Dataset:

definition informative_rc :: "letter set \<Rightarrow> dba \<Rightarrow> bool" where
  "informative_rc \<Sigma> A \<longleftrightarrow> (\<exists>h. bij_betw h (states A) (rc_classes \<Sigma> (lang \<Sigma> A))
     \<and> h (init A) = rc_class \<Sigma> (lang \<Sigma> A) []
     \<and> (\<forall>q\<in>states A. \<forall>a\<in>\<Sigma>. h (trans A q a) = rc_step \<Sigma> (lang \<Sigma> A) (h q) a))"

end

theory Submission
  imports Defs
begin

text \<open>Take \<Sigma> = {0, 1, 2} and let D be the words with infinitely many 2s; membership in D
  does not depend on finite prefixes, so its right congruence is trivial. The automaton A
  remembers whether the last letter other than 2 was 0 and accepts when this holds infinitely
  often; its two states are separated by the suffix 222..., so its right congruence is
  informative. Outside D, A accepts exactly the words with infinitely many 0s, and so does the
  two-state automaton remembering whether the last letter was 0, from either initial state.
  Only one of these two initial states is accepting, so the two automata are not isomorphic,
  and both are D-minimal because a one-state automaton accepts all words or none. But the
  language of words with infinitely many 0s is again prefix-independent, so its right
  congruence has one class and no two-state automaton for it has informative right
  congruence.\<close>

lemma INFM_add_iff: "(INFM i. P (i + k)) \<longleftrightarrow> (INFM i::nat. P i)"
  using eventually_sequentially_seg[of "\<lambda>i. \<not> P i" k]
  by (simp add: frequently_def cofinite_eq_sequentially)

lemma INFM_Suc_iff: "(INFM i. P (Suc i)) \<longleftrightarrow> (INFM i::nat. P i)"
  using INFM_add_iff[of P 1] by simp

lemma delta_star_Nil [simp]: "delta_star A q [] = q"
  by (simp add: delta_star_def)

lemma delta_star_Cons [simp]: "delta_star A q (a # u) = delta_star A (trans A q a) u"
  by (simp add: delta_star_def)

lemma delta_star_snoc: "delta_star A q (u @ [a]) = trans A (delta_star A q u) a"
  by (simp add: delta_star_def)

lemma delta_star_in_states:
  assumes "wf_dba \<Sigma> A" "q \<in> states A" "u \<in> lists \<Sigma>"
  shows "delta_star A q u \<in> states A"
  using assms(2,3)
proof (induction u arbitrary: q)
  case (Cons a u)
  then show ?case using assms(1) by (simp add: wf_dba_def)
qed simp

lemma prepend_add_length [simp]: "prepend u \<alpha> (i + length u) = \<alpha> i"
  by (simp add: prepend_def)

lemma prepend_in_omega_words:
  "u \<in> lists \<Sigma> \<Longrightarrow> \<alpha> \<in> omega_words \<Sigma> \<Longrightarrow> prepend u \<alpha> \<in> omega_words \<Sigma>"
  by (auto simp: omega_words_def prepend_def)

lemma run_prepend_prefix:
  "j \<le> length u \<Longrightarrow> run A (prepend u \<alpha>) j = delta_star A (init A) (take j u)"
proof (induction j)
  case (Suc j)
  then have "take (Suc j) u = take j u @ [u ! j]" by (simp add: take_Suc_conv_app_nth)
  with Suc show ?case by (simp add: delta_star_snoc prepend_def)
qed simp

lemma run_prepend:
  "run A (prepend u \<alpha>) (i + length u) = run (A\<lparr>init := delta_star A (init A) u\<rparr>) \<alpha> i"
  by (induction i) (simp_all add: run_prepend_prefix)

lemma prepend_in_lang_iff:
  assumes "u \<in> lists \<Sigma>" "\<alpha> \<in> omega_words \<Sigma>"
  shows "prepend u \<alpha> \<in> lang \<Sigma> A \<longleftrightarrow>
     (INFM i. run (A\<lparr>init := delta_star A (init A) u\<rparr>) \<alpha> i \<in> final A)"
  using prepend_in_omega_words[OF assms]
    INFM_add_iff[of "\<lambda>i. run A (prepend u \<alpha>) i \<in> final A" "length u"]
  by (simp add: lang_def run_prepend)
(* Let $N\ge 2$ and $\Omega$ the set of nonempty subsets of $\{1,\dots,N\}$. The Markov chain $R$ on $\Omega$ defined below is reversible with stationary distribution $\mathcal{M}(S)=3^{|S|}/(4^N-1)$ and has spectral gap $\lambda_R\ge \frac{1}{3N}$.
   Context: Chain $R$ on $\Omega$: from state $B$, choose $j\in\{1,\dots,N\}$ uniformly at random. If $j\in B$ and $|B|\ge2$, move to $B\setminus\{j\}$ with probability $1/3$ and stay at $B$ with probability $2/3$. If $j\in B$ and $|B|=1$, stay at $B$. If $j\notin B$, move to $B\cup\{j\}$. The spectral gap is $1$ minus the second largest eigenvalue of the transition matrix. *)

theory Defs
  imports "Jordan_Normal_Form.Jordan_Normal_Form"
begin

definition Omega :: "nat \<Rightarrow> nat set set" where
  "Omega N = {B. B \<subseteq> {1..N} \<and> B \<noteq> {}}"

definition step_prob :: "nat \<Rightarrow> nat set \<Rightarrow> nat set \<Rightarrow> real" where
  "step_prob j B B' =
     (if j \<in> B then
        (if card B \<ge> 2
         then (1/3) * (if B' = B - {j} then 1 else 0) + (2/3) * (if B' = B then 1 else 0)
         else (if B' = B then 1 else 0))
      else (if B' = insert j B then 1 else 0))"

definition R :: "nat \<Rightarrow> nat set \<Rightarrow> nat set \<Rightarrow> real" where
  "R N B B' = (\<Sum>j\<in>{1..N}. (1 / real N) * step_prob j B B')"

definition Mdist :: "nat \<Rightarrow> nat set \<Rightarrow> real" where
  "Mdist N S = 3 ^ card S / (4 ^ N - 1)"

Exercise directions:
Each entry above is to be returned exactly as given.

Expected answer:
definition informative_rc :: "letter set \<Rightarrow> dba \<Rightarrow> bool" where
  "informative_rc \<Sigma> A \<longleftrightarrow> (\<exists>h. bij_betw h (states A) (rc_classes \<Sigma> (lang \<Sigma> A))
     \<and> h (init A) = rc_class \<Sigma> (lang \<Sigma> A) []
     \<and> (\<forall>q\<in>states A. \<forall>a\<in>\<Sigma>. h (trans A q a) = rc_step \<Sigma> (lang \<Sigma> A) (h q) a))"

end

theory Submission
  imports Defs
begin

text \<open>Take \<Sigma> = {0, 1, 2} and let D be the words with infinitely many 2s; membership in D
  does not depend on finite prefixes, so its right congruence is trivial. The automaton A
  remembers whether the last letter other than 2 was 0 and accepts when this holds infinitely
  often; its two states are separated by the suffix 222..., so its right congruence is
  informative. Outside D, A accepts exactly the words with infinitely many 0s, and so does the
  two-state automaton remembering whether the last letter was 0, from either initial state.
  Only one of these two initial states is accepting, so the two automata are not isomorphic,
  and both are D-minimal because a one-state automaton accepts all words or none. But the
  language of words with infinitely many 0s is again prefix-independent, so its right
  congruence has one class and no two-state automaton for it has informative right
  congruence.\<close>

lemma INFM_add_iff: "(INFM i. P (i + k)) \<longleftrightarrow> (INFM i::nat. P i)"
  using eventually_sequentially_seg[of "\<lambda>i. \<not> P i" k]
  by (simp add: frequently_def cofinite_eq_sequentially)

lemma INFM_Suc_iff: "(INFM i. P (Suc i)) \<longleftrightarrow> (INFM i::nat. P i)"
  using INFM_add_iff[of P 1] by simp

lemma delta_star_Nil [simp]: "delta_star A q [] = q"
  by (simp add: delta_star_def)

lemma delta_star_Cons [simp]: "delta_star A q (a # u) = delta_star A (trans A q a) u"
  by (simp add: delta_star_def)

lemma delta_star_snoc: "delta_star A q (u @ [a]) = trans A (delta_star A q u) a"
  by (simp add: delta_star_def)

lemma delta_star_in_states:
  assumes "wf_dba \<Sigma> A" "q \<in> states A" "u \<in> lists \<Sigma>"
  shows "delta_star A q u \<in> states A"
  using assms(2,3)
proof (induction u arbitrary: q)
  case (Cons a u)
  then show ?case using assms(1) by (simp add: wf_dba_def)
qed simp

lemma prepend_add_length [simp]: "prepend u \<alpha> (i + length u) = \<alpha> i"
  by (simp add: prepend_def)

lemma prepend_in_omega_words:
  "u \<in> lists \<Sigma> \<Longrightarrow> \<alpha> \<in> omega_words \<Sigma> \<Longrightarrow> prepend u \<alpha> \<in> omega_words \<Sigma>"
  by (auto simp: omega_words_def prepend_def)

lemma run_prepend_prefix:
  "j \<le> length u \<Longrightarrow> run A (prepend u \<alpha>) j = delta_star A (init A) (take j u)"
proof (induction j)
  case (Suc j)
  then have "take (Suc j) u = take j u @ [u ! j]" by (simp add: take_Suc_conv_app_nth)
  with Suc show ?case by (simp add: delta_star_snoc prepend_def)
qed simp

lemma run_prepend:
  "run A (prepend u \<alpha>) (i + length u) = run (A\<lparr>init := delta_star A (init A) u\<rparr>) \<alpha> i"
  by (induction i) (simp_all add: run_prepend_prefix)

lemma prepend_in_lang_iff:
  assumes "u \<in> lists \<Sigma>" "\<alpha> \<in> omega_words \<Sigma>"
  shows "prepend u \<alpha> \<in> lang \<Sigma> A \<longleftrightarrow>
     (INFM i. run (A\<lparr>init := delta_star A (init A) u\<rparr>) \<alpha> i \<in> final A)"
  using prepend_in_omega_words[OF assms]
    INFM_add_iff[of "\<lambda>i. run A (prepend u \<alpha>) i \<in> final A" "length u"]
  by (simp add: lang_def run_prepend)
(* Let $N\ge 2$ and $\Omega$ the set of nonempty subsets of $\{1,\dots,N\}$. The Markov chain $R$ on $\Omega$ defined below is reversible with stationary distribution $\mathcal{M}(S)=3^{|S|}/(4^N-1)$ and has spectral gap $\lambda_R\ge \frac{1}{3N}$.
   Context: Chain $R$ on $\Omega$: from state $B$, choose $j\in\{1,\dots,N\}$ uniformly at random. If $j\in B$ and $|B|\ge2$, move to $B\setminus\{j\}$ with probability $1/3$ and stay at $B$ with probability $2/3$. If $j\in B$ and $|B|=1$, stay at $B$. If $j\notin B$, move to $B\cup\{j\}$. The spectral gap is $1$ minus the second largest eigenvalue of the transition matrix. *)

theory Defs
  imports "Jordan_Normal_Form.Jordan_Normal_Form"
begin

definition Omega :: "nat \<Rightarrow> nat set set" where
  "Omega N = {B. B \<subseteq> {1..N} \<and> B \<noteq> {}}"

definition step_prob :: "nat \<Rightarrow> nat set \<Rightarrow> nat set \<Rightarrow> real" where
  "step_prob j B B' =
     (if j \<in> B then
        (if card B \<ge> 2
         then (1/3) * (if B' = B - {j} then 1 else 0) + (2/3) * (if B' = B then 1 else 0)
         else (if B' = B then 1 else 0))
      else (if B' = insert j B then 1 else 0))"

definition R :: "nat \<Rightarrow> nat set \<Rightarrow> nat set \<Rightarrow> real" where
  "R N B B' = (\<Sum>j\<in>{1..N}. (1 / real N) * step_prob j B B')"

definition Mdist :: "nat \<Rightarrow> nat set \<Rightarrow> real" where
  "Mdist N S = 3 ^ card S / (4 ^ N - 1)"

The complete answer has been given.